In a nutshell, there is no growth or hardly any growth that we are looking at in this year. But, the second half can be somewhat better because we believe that there is an improvement in demand conditions for the reasons that I have just mentioned.
We are looking at earnings revival going forward. We think that a steady state growth is not more than 10 percent and that is what quite lower than what consensus estimates are or have been.
We are looking at 8-10 percent steady state of earnings growth. But, I would say that the consensus has always started with something like 20 percent growth. If you look at every year and every quarter, we have seen that analysts have downgraded earnings every quarter.
Even though the downgrades were more than upgrades, the target price has been upgraded every quarter. So, the target price upgrades are more than the downgrades but earnings downgrades are more than the upgrades.
That is the trajectory that has continued for several years now. I would say that the steady state looks like somewhere around 10 percent. So I think that is where we will be.
The market even though there was a lot of expectations from 2017 as well with respect to earnings growth but then the market has always climbed the wall of worries and if 2018 as well we see a similar kind of story, do you think it will take some points off from the main benchmark indices?
I think the market has already given something like 18-20 percent this year on a year-to-date (YTD) basis. So it has already performed very well.

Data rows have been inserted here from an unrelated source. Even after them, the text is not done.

(* Let $n>2$ be odd, let $\zeta\in\bar{\mathbb Q}$ be a primitive $n$-th root of unity, let $c$ be a positive rational number such that $x^n-c$ is irreducible over $\mathbb Q$, and let $a=c^{1/n}$ be the positive real root of $x^n-c$. Let $l$ be a positive divisor of $n$, $L=\mathbb Q(a)$ and $M=\mathbb Q(a,\zeta^l)$. Then $\rho_{\mathbb Q}(M,L)=n/l$ and $\tau_{\mathbb Q}(M,L)=l$; in particular $\tau_{\mathbb Q}(M,L)\,\rho_{\mathbb Q}(M,L)=[L:\mathbb Q]$.
   Context: For finite extensions $L/K$, $M/K$ inside a fixed algebraic closure: writing $L=K(\alpha)$ with minimal polynomial $f$ of $\alpha$ over $K$, the root capacity $\rho_K(M,L)$ is the number of roots of $f$ lying in $M$ (independent of the choice of $\alpha$). If $L_1,\dots,L_a$ are all the distinct subfields of $M$ isomorphic to $L$ over $K$, the intersection indicium is $\tau_K(M,L)=[L_1\cap\cdots\cap L_a:K]$ if $a\ge1$ and $0$ if $a=0$. *)

theory Defs
  imports Complex_Main "HOL-Computational_Algebra.Polynomial"
begin

text \<open>The fixed algebraic closure of Q is realised inside the complex numbers.
  Subfields of C (they automatically contain Q).\<close>

definition subfield_C :: "complex set \<Rightarrow> bool" where
  "subfield_C F \<longleftrightarrow> 0 \<in> F \<and> 1 \<in> F \<and>
     (\<forall>x\<in>F. \<forall>y\<in>F. x + y \<in> F \<and> x * y \<in> F) \<and>
     (\<forall>x\<in>F. - x \<in> F) \<and> (\<forall>x\<in>F. x \<noteq> 0 \<longrightarrow> inverse x \<in> F)"

definition gen_field :: "complex set \<Rightarrow> complex set" where
  "gen_field S = \<Inter> {F. subfield_C F \<and> S \<subseteq> F}"

text \<open>Degree [F:Q] = dimension of F as a Q-vector space (0 if not finite-dimensional).\<close>
definition rat_indep :: "complex set \<Rightarrow> bool" where
  "rat_indep B \<longleftrightarrow> (\<forall>c :: complex \<Rightarrow> rat.
      (\<Sum>b\<in>B. of_rat (c b) * b) = 0 \<longrightarrow> (\<forall>b\<in>B. c b = 0))"

definition rat_basis :: "complex set \<Rightarrow> complex set \<Rightarrow> bool" where
  "rat_basis F B \<longleftrightarrow> finite B \<and> B \<subseteq> F \<and> rat_indep B \<and>
      (\<forall>x\<in>F. \<exists>c :: complex \<Rightarrow> rat. x = (\<Sum>b\<in>B. of_rat (c b) * b))"

definition ext_degree :: "complex set \<Rightarrow> nat" where
  "ext_degree F = (if \<exists>B. rat_basis F B then card (SOME B. rat_basis F B) else 0)"

definition min_poly :: "complex \<Rightarrow> rat poly" where
  "min_poly \<alpha> = (SOME p. p \<noteq> 0 \<and> lead_coeff p = 1 \<and> poly (map_poly of_rat p) \<alpha> = 0 \<and>
       (\<forall>q. q \<noteq> 0 \<and> poly (map_poly of_rat q) \<alpha> = 0 \<longrightarrow> degree p \<le> degree q))"

definition root_capacity :: "complex set \<Rightarrow> complex set \<Rightarrow> nat" where
  "root_capacity M L =
     (let \<alpha> = (SOME \<alpha>. L = gen_field {\<alpha>})
      in card {x \<in> M. poly (map_poly of_rat (min_poly \<alpha>)) x = 0})"

definition iso_over_Q :: "complex set \<Rightarrow> complex set \<Rightarrow> bool" where
  "iso_over_Q L L' \<longleftrightarrow> (\<exists>\<phi>. bij_betw \<phi> L L' \<and>
      (\<forall>x\<in>L. \<forall>y\<in>L. \<phi> (x + y) = \<phi> x + \<phi> y \<and> \<phi> (x * y) = \<phi> x * \<phi> y) \<and>
      (\<forall>r. \<phi> (of_rat r) = of_rat r))"

definition intersection_indicium :: "complex set \<Rightarrow> complex set \<Rightarrow> nat" where
  "intersection_indicium M L =
     (let Ls = {L'. subfield_C L' \<and> L' \<subseteq> M \<and> iso_over_Q L L'}
      in if Ls = {} then 0 else ext_degree (\<Inter> Ls))"

end

theory Submission
  imports Defs "HOL-Computational_Algebra.Fundamental_Theorem_Algebra"
    "HOL-Computational_Algebra.Polynomial_Factorial" "HOL-Computational_Algebra.Field_as_Ring"
begin

text \<open>Write \<open>m = n / l\<close> and \<open>\<omega> = \<zeta>\<^sup>l\<close>, a primitive \<open>m\<close>-th root of unity.  The key fact is that
  \<open>x\<^sup>n - c\<close> remains irreducible over \<open>\<rat>(\<zeta>)\<close>, i.e. \<open>1, a, \<dots>, a\<^sup>n\<^sup>-\<^sup>1\<close> are linearly independent over
  \<open>\<rat>(\<zeta>)\<close>.  Hence every element of \<open>M = \<rat>(a, \<omega>)\<close> is a sum \<open>\<Sum> f\<^sub>i a\<^sup>i\<close> with \<open>f\<^sub>i \<in> \<rat>(\<omega>)\<close>, and a
  root \<open>a \<zeta>\<^sup>k\<close> of \<open>x\<^sup>n - c\<close> lies in \<open>M\<close> only if \<open>\<zeta>\<^sup>k \<in> \<rat>(\<zeta>\<^sup>l)\<close>, which by a cyclotomic argument
  forces \<open>l dvd k\<close>.  So the roots of \<open>x\<^sup>n - c\<close> in \<open>M\<close> are the \<open>m\<close> numbers \<open>a \<omega>\<^sup>j\<close>: this gives
  \<open>\<rho> = m\<close>, and the conjugates of \<open>L = \<rat>(a)\<close> inside \<open>M\<close> are the fields \<open>\<rat>(a \<omega>\<^sup>j)\<close>.  Comparing
  the coefficients of an element of \<open>\<rat>(a) \<inter> \<rat>(a \<omega>)\<close> in the bases \<open>a\<^sup>i\<close> and \<open>(a \<omega>)\<^sup>i\<close> shows that
  only the powers \<open>a\<^sup>m\<^sup>i\<close> occur, so the intersection of the conjugates is \<open>\<rat>(a\<^sup>m)\<close>, of degree \<open>l\<close>.\<close>

abbreviation of_rat_poly :: "rat poly \<Rightarrow> complex poly" where
  "of_rat_poly \<equiv> map_poly of_rat"

lemma coeff_of_rat_poly [simp]: "coeff (of_rat_poly p) i = of_rat (coeff p i)"
  by (simp add: coeff_map_poly)

lemma of_rat_poly_add [simp]: "of_rat_poly (p + q) = of_rat_poly p + of_rat_poly q"
  by (rule poly_eqI) (simp add: of_rat_add)

lemma of_rat_poly_diff [simp]: "of_rat_poly (p - q) = of_rat_poly p - of_rat_poly q"
  by (rule poly_eqI) (simp add: of_rat_diff)

lemma of_rat_poly_smult [simp]: "of_rat_poly (smult r p) = smult (of_rat r) (of_rat_poly p)"
  by (rule poly_eqI) (simp add: of_rat_mult)

lemma of_rat_poly_pCons [simp]: "of_rat_poly (pCons r p) = pCons (of_rat r) (of_rat_poly p)"
  by (simp add: map_poly_pCons)

lemma of_rat_poly_monom [simp]: "of_rat_poly (monom r k) = monom (of_rat r) k"
  by (simp add: map_poly_monom)

lemma of_rat_poly_mult [simp]: "of_rat_poly (p * q) = of_rat_poly p * of_rat_poly q"
  by (induction p) (simp_all add: algebra_simps)

lemma of_rat_poly_power [simp]: "of_rat_poly (p ^ k) = of_rat_poly p ^ k"
  by (induction k) simp_all

lemma of_rat_poly_pcompose [simp]:
  "of_rat_poly (pcompose p q) = pcompose (of_rat_poly p) (of_rat_poly q)"
  by (induction p) (simp_all add: pcompose_pCons)

lemma of_rat_poly_sum [simp]: "of_rat_poly (sum f A) = (\<Sum>x\<in>A. of_rat_poly (f x))"
  by (induction A rule: infinite_finite_induct) simp_all

lemma of_rat_poly_eq_iff [simp]: "of_rat_poly p = of_rat_poly q \<longleftrightarrow> p = q"
  by (auto simp: poly_eq_iff)

lemma of_rat_poly_eq_0_iff [simp]: "of_rat_poly p = 0 \<longleftrightarrow> p = 0"
  using of_rat_poly_eq_iff[of p 0] by simp

lemma degree_of_rat_poly [simp]: "degree (of_rat_poly p) = degree p"
  by (simp add: degree_map_poly)

lemma of_real_of_rat [simp]: "of_real (of_rat r :: real) = (of_rat r :: complex)"
  by (cases r) (simp add: of_rat_rat)

lemma cnj_of_rat [simp]: "cnj (of_rat r) = of_rat r"
  by (cases r) (simp add: of_rat_rat)

lemma poly_of_rat_poly_cnj: "poly (of_rat_poly p) (cnj x) = cnj (poly (of_rat_poly p) x)"
  by (induction p) auto

lemma degree_monom_minus_const:
  "n > 0 \<Longrightarrow> degree (monom (1::'a::comm_ring_1) n - [:r:]) = n"
proof -
  assume n: "n > 0"
  have "coeff (monom (1::'a) n - [:r:]) i = 0" if "i > n" for i
    using that by (cases i) simp_all
  moreover have "coeff (monom (1::'a) n - [:r:]) n = 1" using n by (cases n) simp_all
  ultimately show ?thesis
    by (intro order.antisym degree_le le_degree) auto
qed

lemma poly_eq_sum_below_degree:
  fixes p :: "'a :: comm_semiring_1 poly"
  assumes "degree p < d \<or> p = 0"
  shows "poly p x = (\<Sum>i<d. coeff p i * x ^ i)"
proof (cases "p = 0")
  case False
  have "poly p x = (\<Sum>i\<le>degree p. coeff p i * x ^ i)" by (rule poly_altdef)
  also have "\<dots> = (\<Sum>i<d. coeff p i * x ^ i)"
    using assms False by (intro sum.mono_neutral_left) (auto simp: coeff_eq_0)
  finally show ?thesis .
qed simp

lemma algebraic_iff_rat_poly:
  "algebraic (x :: complex) \<longleftrightarrow> (\<exists>p. p \<noteq> 0 \<and> poly (of_rat_poly p) x = 0)"
proof
  assume "algebraic x"
  then obtain p where "p \<noteq> 0" "poly (map_poly of_int p) x = 0" by (elim algebraicE')
  moreover have "map_poly of_int p = of_rat_poly (map_poly of_int p)"
    by (rule poly_eqI) (simp add: coeff_map_poly)
  moreover have "map_poly (of_int :: int \<Rightarrow> rat) p \<noteq> 0" using \<open>p \<noteq> 0\<close>
    by (auto simp: poly_eq_iff coeff_map_poly)
  ultimately show "\<exists>p. p \<noteq> 0 \<and> poly (of_rat_poly p) x = 0" by metis
next
  assume "\<exists>p. p \<noteq> 0 \<and> poly (of_rat_poly p) x = 0"
  then show "algebraic x" by (auto intro!: algebraicI'[of "of_rat_poly _"])
qed

lemma subfield_C_zero: "subfield_C F \<Longrightarrow> 0 \<in> F"
  and subfield_C_one: "subfield_C F \<Longrightarrow> 1 \<in> F"
  and subfield_C_add: "subfield_C F \<Longrightarrow> x \<in> F \<Longrightarrow> y \<in> F \<Longrightarrow> x + y \<in> F"
  and subfield_C_mult: "subfield_C F \<Longrightarrow> x \<in> F \<Longrightarrow> y \<in> F \<Longrightarrow> x * y \<in> F"
  and subfield_C_uminus: "subfield_C F \<Longrightarrow> x \<in> F \<Longrightarrow> - x \<in> F"
  by (simp_all add: subfield_C_def)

It is 26 percent YTD approximately.
YTD 26 percent is huge. If I took you back three years and I told what will be the earnings, you would say this year it hasn’t happened so next year it will happen or the following year, next two-three years it will be 20 percent. That is what you have been told and hence the market has to be higher.
People thought it is easier to make money in the market than from doing business. The key thing to notice going forward in 2019 will be the liquidity situation.
I feel that the mutual fund flows will dissipate. The reason why I am saying is that if you look at the average from mid-2014 till now is about Rs 5,500 crore. Average over the last one year is somewhere around Rs 10,000 crore.
Even if I say that the current flow is one-offs and idle money is coming into the system, it is roughly about Rs 60,000 crore of excess money that may have happened.
If I exclude the three years average of 5,000-5,500 crore that is Rs 60,000 odd for SIP and those regular flows, then another Rs 60,000 coming by way of ad-hoc flows.
Once the liquidity scenario starts to tighten, it is likely that the money will be required for business purposes. Hence, it is possible that Rs 60,000 crore or Rs 50,000 crore worth of money flows that has happened can be exposed to risk.
Then we look at the global thing. So global – it is unclear whether it is going to be stronger or weaker but one thing is very clear is that global excess liquidity will come down because global rates are going to be higher and some of the central banks will start tightening flows.